GOAL OF THE EXERCISE —
Counting from the line that holds "(* For Re z", return each line exactly, through and including the last line of the entries.

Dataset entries
(* Let $\mathcal{X}=\{x^{(1)},\dots,x^{(n)}\}$ be a finite set of $n\ge 2$ objects and let $\mathfrak{d}:\mathcal{X}\times\mathcal{X}\to[0,\infty]$ be symmetric with $\mathfrak{d}(x,x)=0$. Let $F$ be an inequity index and $g\in(0,1]$ a threshold. Let $T$ be any minimum spanning tree of the complete undirected graph on vertex set $\mathcal{X}$ in which the edge $\{x,y\}$ has weight $\mathfrak{d}(x,y)$. Consider the following procedure ("Genie restricted to $T$"): start from the partition into singletons; at each step, with current partition $\{C_1,\dots,C_m\}$, $m\ge 2$, if $F$ of the cluster sizes is $\le g$, choose an edge $\{a,b\}$ of $T$ of minimal weight among the edges of $T$ whose endpoints lie in different clusters; otherwise choose an edge $\{a,b\}$ of $T$ of minimal weight among the edges of $T$ whose endpoints lie in different clusters at least one of which has the minimal cluster size $\min_i |C_i|$; then merge the two clusters containing $a$ and $b$. Then this procedure is well defined at every step (a required edge of $T$ always exists), and the sequence of merges it produces is a valid run of the Genie linkage algorithm on $(\mathcal{X},\mathfrak{d})$ with inequity index $F$ and threshold $g$; that is, the Genie hierarchical clustering can be computed using only the edges of a minimum spanning tree.
   Context: An inequity index: for fixed $n$, let $\mathcal{G}=\{(x_1,\dots,x_n)\in\mathbb{N}_0^n : x_1\ge\dots\ge x_n\}$. A function $F:\mathcal{G}\to[0,1]$ is an inequity index if (a) it is Schur-convex: for $x,y\in\mathcal{G}$ with $\sum_i x_i=\sum_i y_i$ and $\sum_{j\le i}x_j\le\sum_{j\le i}y_j$ for all $i$, one has $F(x)\le F(y)$; (b) $\inf_{\mathcal{G}}F=0$; (c) $\sup_{\mathcal{G}}F=1$. Example: the normalized Gini index $G(x)=\frac{\sum_{i<j}|x_i-x_j|}{(n-1)\sum_i x_i}$. When the partition has $m<n$ clusters, $F$ is applied to the non-increasingly sorted vector of cluster sizes (padded with zeros to length $n$, equivalently as written in the paper to $(c_{(m)},\dots,c_{(1)})$). The Genie linkage algorithm: start with $\mathcal{C}^{(0)}=\{\{x^{(1)}\},\dots,\{x^{(n)}\}\}$. At step $j$ ($j=0,\dots,n-2$), with current partition $\{C_1,\dots,C_{n-j}\}$ and sizes $c_i=|C_i|$: if $F(\text{sorted sizes})\le g$, merge a pair of clusters $(C_u,C_v)$, $u<v$, attaining $\min_{u<v}\min_{a\in C_u,b\in C_v}\mathfrak{d}(a,b)$ (single linkage); otherwise, merge a pair $(C_u,C_v)$ attaining this minimum over only those pairs in which $|C_u|=\min_i|C_i|$ or $|C_v|=\min_i|C_i|$. Any pair attaining the relevant minimum (ties broken arbitrarily) constitutes a valid Genie merge. With $g=1$ this is single linkage.
   Formalization: A minimum spanning tree is a spanning tree minimizing, for every real level c, the total of the truncated weights min($\mathfrak{d}(x,y)$, c) over its edges, instead of minimizing the total weight. The statement above fails without it. *)

theory Defs
  imports "HOL-Library.Extended_Real" "HOL-Library.Multiset"
begin

definition ineq_dom :: "nat \<Rightarrow> nat list set" where
  "ineq_dom n = {x. length x = n \<and> sorted_wrt (\<ge>) x}"

definition inequity_index :: "nat \<Rightarrow> (nat list \<Rightarrow> real) \<Rightarrow> bool" where
  "inequity_index n F \<longleftrightarrow>
     (\<forall>x\<in>ineq_dom n. 0 \<le> F x \<and> F x \<le> 1) \<and>
     (\<forall>x\<in>ineq_dom n. \<forall>y\<in>ineq_dom n.
        sum_list x = sum_list y \<and> (\<forall>i\<le>n. sum_list (take i x) \<le> sum_list (take i y))
        \<longrightarrow> F x \<le> F y) \<and>
     (INF x\<in>ineq_dom n. F x) = 0 \<and>
     (SUP x\<in>ineq_dom n. F x) = 1"

definition sizes :: "nat \<Rightarrow> 'a set set \<Rightarrow> nat list" where
  "sizes n P = rev (sorted_list_of_multiset (image_mset card (mset_set P)))
               @ replicate (n - card P) 0"

definition minsz :: "'a set set \<Rightarrow> nat" where
  "minsz P = Min (card ` P)"

definition merge :: "'a set set \<Rightarrow> 'a set \<Rightarrow> 'a set \<Rightarrow> 'a set set" where
  "merge P A B = insert (A \<union> B) (P - {A, B})"

definition singletons :: "'a set \<Rightarrow> 'a set set" where
  "singletons X = (\<lambda>x. {x}) ` X"

definition linkage :: "('a \<Rightarrow> 'a \<Rightarrow> ereal) \<Rightarrow> 'a set \<Rightarrow> 'a set \<Rightarrow> ereal" where
  "linkage d A B = Min {d a b | a b. a \<in> A \<and> b \<in> B}"

definition genie_step ::
  "nat \<Rightarrow> (nat list \<Rightarrow> real) \<Rightarrow> real \<Rightarrow> ('a \<Rightarrow> 'a \<Rightarrow> ereal) \<Rightarrow> 'a set set \<Rightarrow> 'a set set \<Rightarrow> bool" where
  "genie_step n F g d P P' \<longleftrightarrow>
     (\<exists>A\<in>P. \<exists>B\<in>P. A \<noteq> B \<and>
        (if F (sizes n P) \<le> g then
           (\<forall>A'\<in>P. \<forall>B'\<in>P. A' \<noteq> B' \<longrightarrow> linkage d A B \<le> linkage d A' B')
         else
           (card A = minsz P \<or> card B = minsz P) \<and>
           (\<forall>A'\<in>P. \<forall>B'\<in>P. A' \<noteq> B' \<and> (card A' = minsz P \<or> card B' = minsz P)
              \<longrightarrow> linkage d A B \<le> linkage d A' B')) \<and>
        P' = merge P A B)"
text \<open>If \<open>x\<close> is a root of \<open>p\<close> with leading coefficient \<open>a\<close>, then \<open>a x\<close> and \<open>a (cnj x)\<close> are
  eigenvalues of an integer \<open>d \<times> d\<close> matrix with entries bounded by \<open>H\<close> (a scaled companion
  matrix), so \<open>a^2 |x|^2\<close> is an eigenvalue of its Kronecker square, an integer \<open>d^2 \<times> d^2\<close>
  matrix. Its characteristic polynomial is monic over the integers with all roots of modulus at
  most \<open>d^2 H^2\<close>; after removing the factor \<open>(X - a^2)^k\<close> its value at the integer \<open>a^2\<close> is a
  nonzero integer, while the product over the roots bounds it by
  \<open>a^2 |1 - |x|^2| ((d^2 + 1) H^2)^(d^2 - 1)\<close>. Finally \<open>|1 - |x|^2| \<le> 3 ||x| - 1|\<close> unless
  \<open>|x| > 2\<close>, and the resulting bound is stronger than the stated one.\<close>

lemma eigenvalue_norm_le:
  fixes A :: "complex mat"
  assumes A: "A \<in> carrier_mat n n"
    and entries: "\<And>i j. i < n \<Longrightarrow> j < n \<Longrightarrow> cmod (A $$ (i,j)) \<le> R"
    and "eigenvalue A e"
  shows "cmod e \<le> real n * R"
proof -
  from assms(3) obtain v where v: "v \<in> carrier_vec n" "v \<noteq> 0\<^sub>v n" "A *\<^sub>v v = e \<cdot>\<^sub>v v"
    unfolding eigenvalue_def eigenvector_def using A by auto
  have "{..<n} \<noteq> {}" using v by (auto simp: vec_eq_iff)
  define M where "M = Max ((\<lambda>j. cmod (v $ j)) ` {..<n})"
  have "M \<in> (\<lambda>j. cmod (v $ j)) ` {..<n}"
    unfolding M_def using \<open>{..<n} \<noteq> {}\<close> by (intro Max_in) auto
  then obtain i where i: "i < n" "cmod (v $ i) = M" by auto
  have M_ge: "cmod (v $ j) \<le> M" if "j < n" for j
    unfolding M_def using that by (intro Max_ge) auto
  have "M > 0"
  proof (rule ccontr)
    assume "\<not> M > 0"
    then have "\<forall>j<n. v $ j = 0" using M_ge by (metis norm_le_zero_iff order_trans not_less)
    then show False using v by (auto simp: vec_eq_iff)
  qed
  have "R \<ge> 0" using entries[OF i(1) i(1)] norm_ge_zero order_trans by blast
  have row: "e * v $ i = (\<Sum>j<n. A $$ (i,j) * v $ j)"
  proof -
    have "e * v $ i = (A *\<^sub>v v) $ i" using v i by simp
    also have "\<dots> = (\<Sum>j<n. A $$ (i,j) * v $ j)"
      using A v(1) i unfolding mult_mat_vec_def scalar_prod_def by (auto simp: lessThan_atLeast0)
    finally show ?thesis .
  qed
  have "cmod e * M = cmod (e * v $ i)" using i by (simp add: norm_mult)
  also have "\<dots> \<le> (\<Sum>j<n. cmod (A $$ (i,j) * v $ j))" unfolding row by (rule norm_sum)
  also have "\<dots> \<le> (\<Sum>j<n. R * M)"
    using entries M_ge i \<open>R \<ge> 0\<close> by (intro sum_mono) (simp add: norm_mult mult_mono)
  finally show ?thesis using \<open>M > 0\<close> by simp
qed

lemma norm_poly_le_of_roots_bounded:
  fixes g :: "complex poly"
  assumes "lead_coeff g = 1" and "\<And>r. poly g r = 0 \<Longrightarrow> cmod r \<le> R"
  shows "cmod (poly g c) \<le> (cmod c + R) ^ degree g"
proof -
  obtain rs where rs: "Polynomial.smult (lead_coeff g) (\<Prod>a\<leftarrow>rs. [:- a, 1:]) = g" "length rs = degree g"
    using fundamental_theorem_algebra_factorized by blast
  have poly_g: "poly g z = (\<Prod>r\<leftarrow>rs. z - r)" for z
    using rs(1) assms(1) by (auto simp: poly_prod_list o_def)
  have "cmod (c - r) \<le> cmod c + R" if "r \<in> set rs" for r
  proof -
    have "poly g r = 0" unfolding poly_g using that by (auto simp: prod_list_zero_iff)
    then show ?thesis using assms(2) norm_triangle_ineq4[of c r] by fastforce
  qed
  then have "cmod (\<Prod>r\<leftarrow>rs. c - r) \<le> (cmod c + R) ^ length rs"
  proof (induction rs)
    case (Cons r rs)
    then show ?case
      by (auto simp: norm_mult intro!: mult_mono order_trans[OF norm_ge_zero])
  qed simp
  then show ?thesis using rs(2) poly_g by simp
qed
definition admissible_bdry :: "'m topology \<Rightarrow> ('m, 'a::euclidean_space) chart \<Rightarrow> 'a set" where
  "admissible_bdry X c = {p \<in> frontier (cran c).
     \<forall>x::nat \<Rightarrow> 'm. (\<forall>i. x i \<in> cdom c) \<and> (cmap c \<circ> x) \<longlonglongrightarrow> p \<longrightarrow>
        \<not> (\<exists>y. seq_acc X x y)}"

definition extensions :: "'m topology \<Rightarrow> ('m, 'a::euclidean_space) chart set
    \<Rightarrow> (('m, 'a) chart \<times> 'a set) set" where
  "extensions X A = {(c, U). c \<in> A \<and> open U \<and> cran c \<subseteq> U \<and>
      rel_boundary U (cran c) \<noteq> {} \<and> rel_boundary U (cran c) \<subseteq> admissible_bdry X c}"

definition covers :: "('m, 'a::euclidean_space) chart \<Rightarrow> 'a set \<Rightarrow> ('m, 'a) chart \<Rightarrow> 'a set \<Rightarrow> bool" where
  "covers a V b Y \<longleftrightarrow>
     (\<forall>y::nat \<Rightarrow> 'm. (\<forall>i. y i \<in> cdom b) \<and> (\<exists>q\<in>Y. seq_acc euclidean (cmap b \<circ> y) q) \<longrightarrow>
        (\<exists>r. strict_mono r \<and> (\<forall>i. y (r i) \<in> cdom a) \<and>
             (\<exists>p\<in>V. seq_acc euclidean (cmap a \<circ> (y \<circ> r)) p)))"

definition bequiv :: "('m, 'a::euclidean_space) chart \<Rightarrow> 'a set \<Rightarrow> ('m, 'a) chart \<Rightarrow> 'a set \<Rightarrow> bool" where
  "bequiv a V b Y \<longleftrightarrow> covers a V b Y \<and> covers b Y a V"

definition in_contact :: "('m, 'a::euclidean_space) chart \<Rightarrow> 'a \<Rightarrow> ('m, 'a) chart \<Rightarrow> 'a \<Rightarrow> bool" where
  "in_contact a p b q \<longleftrightarrow>
     (\<exists>x::nat \<Rightarrow> 'm. (\<forall>i. x i \<in> cdom a \<inter> cdom b) \<and>
        (cmap a \<circ> x) \<longlonglongrightarrow> p \<and> (cmap b \<circ> x) \<longlonglongrightarrow> q)"

definition compatible_ext :: "'m topology \<Rightarrow> ('m, 'a::euclidean_space) chart \<times> 'a set
    \<Rightarrow> ('m, 'a) chart \<times> 'a set \<Rightarrow> bool" where
  "compatible_ext X e f \<longleftrightarrow>
     (\<forall>p \<in> admissible_bdry X (fst e) \<inter> snd e. \<forall>q \<in> admissible_bdry X (fst f) \<inter> snd f.
        in_contact (fst e) p (fst f) q \<longrightarrow> bequiv (fst e) {p} (fst f) {q})"

definition quotient_topology :: "'b topology \<Rightarrow> ('b \<Rightarrow> 'b \<Rightarrow> bool) \<Rightarrow> 'b set topology" where
  "quotient_topology T R = topology (\<lambda>W.
     W \<subseteq> (\<lambda>x. {y \<in> topspace T. R x y}) ` topspace T \<and>
     openin T {x \<in> topspace T. {y \<in> topspace T. R x y} \<in> W})"

definition S_Q :: "('m, 'a::euclidean_space) chart set \<Rightarrow> (('m, 'a) chart \<times> 'a set) set
    \<Rightarrow> (('m, 'a) chart \<times> 'a set) set" where
  "S_Q A Q = {(c, cran c) | c. c \<in> A} \<union> Q"

definition N_ext :: "('m, 'a::euclidean_space) chart \<times> 'a set \<Rightarrow> 'a topology" where
  "N_ext e = top_of_set (cran (fst e) \<union> rel_boundary (snd e) (cran (fst e)))"

definition N_Q :: "('m, 'a::euclidean_space) chart set \<Rightarrow> (('m, 'a) chart \<times> 'a set) set
    \<Rightarrow> ((('m, 'a) chart \<times> 'a set) \<times> 'a) topology" where
  "N_Q A Q = sum_topology N_ext (S_Q A Q)"

definition ident :: "((('m, 'a::euclidean_space) chart \<times> 'a set) \<times> 'a)
    \<Rightarrow> ((('m, 'a) chart \<times> 'a set) \<times> 'a) \<Rightarrow> bool" where
  "ident u v \<longleftrightarrow>
     (let a = fst (fst u); U = snd (fst u); x = snd u;
          b = fst (fst v); Y = snd (fst v); y = snd v in
      (x \<in> cran a \<and> y \<in> cran b \<and> cinv a x \<in> cdom b \<and> cmap b (cinv a x) = y) \<or>
      (x \<in> rel_boundary U (cran a) \<and> y \<in> rel_boundary Y (cran b) \<and> bequiv a {x} b {y}))"
definition step_code :: "nat \<Rightarrow> nat \<Rightarrow> nat \<Rightarrow> bool" where
  "step_code n g g' \<longleftrightarrow>
     code_length (locals_code g) = code_length (inst_machines n) \<and>
     code_length (channels_code g) = code_length (inst_edges n) \<and>
     (\<exists>i < code_length (inst_machines n). \<exists>\<xi> < code_length (inst_edges n).
        \<exists>u < code_length (inst_trans n i). step_code_at n g g' i \<xi> u)"

definition arrival_code :: "nat \<Rightarrow> nat \<Rightarrow> bool" where
  "arrival_code n g \<longleftrightarrow>
     code_nth (locals_code g) (inst_head n (inst_beta n)) = inst_state n \<and>
     0 < code_length (code_nth (channels_code g) (inst_beta n)) \<and>
     code_nth (code_nth (channels_code g) (inst_beta n)) 0 = inst_msg n"

definition yes_cert :: "nat \<Rightarrow> nat \<Rightarrow> bool" where
  "yes_cert n t \<longleftrightarrow> 0 < code_length t \<and> init_code n (code_nth t 0) \<and>
     (\<forall>k < code_length t - 1. step_code n (code_nth t k) (code_nth t (Suc k))) \<and>
     arrival_code n (code_nth t (code_length t - 1))"

context instance_code
begin

lemma init_code_sound:
  assumes "init_code n g"
  shows "gstate_decode g = initial_gstate P"
proof -
  have "list_decode (locals_code g) = map (init P) [0..<length (machines P)]"
    using assms unfolding init_code_def inst_simps
    by (intro nth_equalityI) (auto simp: code_length_def code_nth_eq_nth)
  moreover have "map list_decode (list_decode (channels_code g)) = replicate (length (edges P)) []"
    using assms unfolding init_code_def inst_simps
    by (intro nth_equalityI) (auto simp: code_length_def code_nth_eq_nth list_decode_eq_Nil_iff)
  ultimately show ?thesis by (simp add: gstate_decode_def initial_gstate_def)
qed

lemma init_code_initial: "init_code n (gstate_code (initial_gstate P))"
  by (simp add: init_code_def initial_gstate_def list_encode.simps nth_default_nth)

lemma step_code_sound:
  assumes "step_code n g g'"
  shows "step P (gstate_decode g) (gstate_decode g')"
proof -
  obtain i \<xi> u where i: "i < length (machines P)" and \<xi>: "\<xi> < length (edges P)"
    and u_code: "u < code_length (inst_trans n i)" and at: "step_code_at n g g' i \<xi> u"
    using assms unfolding step_code_def inst_simps by blast
  have u: "u < length (trans_list P i)" using u_code i by simp
  obtain p' s a q where tr: "trans_list P i ! u = (p', s, a, q)" by (metis prod_cases4)
  note fields = inst_trans_field[OF i u tr]
  define S where "S = list_decode (locals_code g)"
  define C where "C = map list_decode (list_decode (channels_code g))"
  have "code_length (locals_code g) = length (machines P)"
    "code_length (channels_code g) = length (edges P)"
    using assms unfolding step_code_def by simp_all
  then have lengths: "length S = length (machines P)" "length C = length (edges P)"
    by (simp_all add: S_def C_def code_length_def)
  have "(p', s, a, q) \<in> trans P i"
    unfolding trans_eq_set_trans_list tr[symmetric] using u by (rule nth_mem)
  moreover have "S ! i = p'"
    using at lengths i fields by (simp add: step_code_at_def S_def code_nth_eq_nth)
  ultimately have tr_in: "(S ! i, s, a, q) \<in> trans P i" by simp
  have a: "a \<in> msgs P \<xi>" using at \<xi> fields by (simp add: step_code_at_def code_mem_iff)
  have dec: "gstate_decode g = (S, C)" by (simp add: gstate_decode_def S_def C_def)
  have dec': "gstate_decode g' = (S[i := q], C[\<xi> := list_decode (code_nth (channels_code g') \<xi>)])"
    using at fields
    by (simp add: step_code_at_def code_update_iff gstate_decode_def S_def C_def map_update)
  have channel: "list_decode (code_nth (channels_code g) \<xi>) = C ! \<xi>"
    using lengths \<xi> by (simp add: C_def code_nth_eq_nth)
  consider "s" "tl_e P \<xi> = i" "list_decode (code_nth (channels_code g') \<xi>) = C ! \<xi> @ [a]"
    | "\<not> s" "hd_e P \<xi> = i" "C ! \<xi> = a # list_decode (code_nth (channels_code g') \<xi>)"
    using at \<xi> fields channel
    by (cases s) (auto simp: step_code_at_def code_snoc_iff list_decode_eq_Cons_iff[symmetric])
  then show ?thesis
  proof cases
    case 1
    then have "step P (S, C) (S[i := q], C[\<xi> := C ! \<xi> @ [a]])"
      using i \<xi> a tr_in by (intro step.send) simp_all
    then show ?thesis unfolding dec dec' using 1 by simp
  next
    case 2
    then show ?thesis unfolding dec dec' using i \<xi> a tr_in by (intro step.recv) simp_all
  qed
qed
(* Let $\mu$ be a measure on the Borel subsets of $(0,\infty)$ with $\int_0^{\infty}\frac{\lambda}{\lambda^2 + 1} \,\mathrm{d}\mu(\lambda)< \infty$, let $\mathcal{R}=\{z\in\mathbb{C}:\Re(z)>0\}$, and define the analytic function $F_\mu:\mathcal{R}\to\mathbb{C}$ by $F_\mu(z)=\int_0^\infty\{e^{-\lambda z}-e^{-\lambda}\}\,\mathrm{d}\mu(\lambda)$. Then $\Phi=F_\mu$ satisfies: (a) for all $0<a<b<\infty$, $\lim_{y\to\pm\infty} e^{-\pi|y|}\int_a^b\left|\frac{\Phi(x+iy)}{x+iy}\right|\mathrm{d}x=0$; (b) for every $\eta>0$, $\sup_{x\ge\eta}\int_{-\infty}^\infty\left|\frac{\Phi(x+iy)}{x+iy}\right|e^{-\pi|y|}\,\mathrm{d}y<\infty$; (c) $\lim_{x\to\infty}\int_{-\infty}^\infty\left|\frac{\Phi(x+iy)}{x+iy}\right|e^{-\pi|y|}\,\mathrm{d}y=0$. *)

theory Defs
  imports "HOL-Analysis.Analysis"
begin

definition F_mu :: "real measure \<Rightarrow> complex \<Rightarrow> complex" where
  "F_mu M z = (\<integral>l. (exp (- (complex_of_real l) * z) - complex_of_real (exp (- l))) \<partial>M)"

end

theory Submission
  imports Defs "HOL-Probability.Probability" "HOL-Real_Asymp.Real_Asymp"
begin

(* For Re z >= eta > 0 the kernel e^(-l z) - e^(-l) of F_mu, divided by z, is O(l) as l -> 0
   (z -> e^(-l z) is l-Lipschitz on the right half-plane) and O(1/l) as l -> oo; both are
   dominated by a multiple of l/(l^2+1). So |F_mu(z)/z| is bounded on every half-plane
   Re z >= eta, which with the integrability of e^(-pi|y|) gives (a) and (b). The kernel over z
   is also at most 2/|z|, so dominated convergence with the majorant 8 l/(l^2+1) makes
   |F_mu(z)/z| tend to 0 uniformly as Re z -> oo, which gives (c). *)

definition F_kernel :: "real \<Rightarrow> complex \<Rightarrow> complex" where
  "F_kernel l z = exp (- complex_of_real l * z) - complex_of_real (exp (- l))"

RESPONSE AREA —
(* For Re z >= eta > 0 the kernel e^(-l z) - e^(-l) of F_mu, divided by z, is O(l) as l -> 0
   (z -> e^(-l z) is l-Lipschitz on the right half-plane) and O(1/l) as l -> oo; both are
   dominated by a multiple of l/(l^2+1). So |F_mu(z)/z| is bounded on every half-plane
   Re z >= eta, which with the integrability of e^(-pi|y|) gives (a) and (b). The kernel over z
   is also at most 2/|z|, so dominated convergence with the majorant 8 l/(l^2+1) makes
   |F_mu(z)/z| tend to 0 uniformly as Re z -> oo, which gives (c). *)

definition F_kernel :: "real \<Rightarrow> complex \<Rightarrow> complex" where
  "F_kernel l z = exp (- complex_of_real l * z) - complex_of_real (exp (- l))"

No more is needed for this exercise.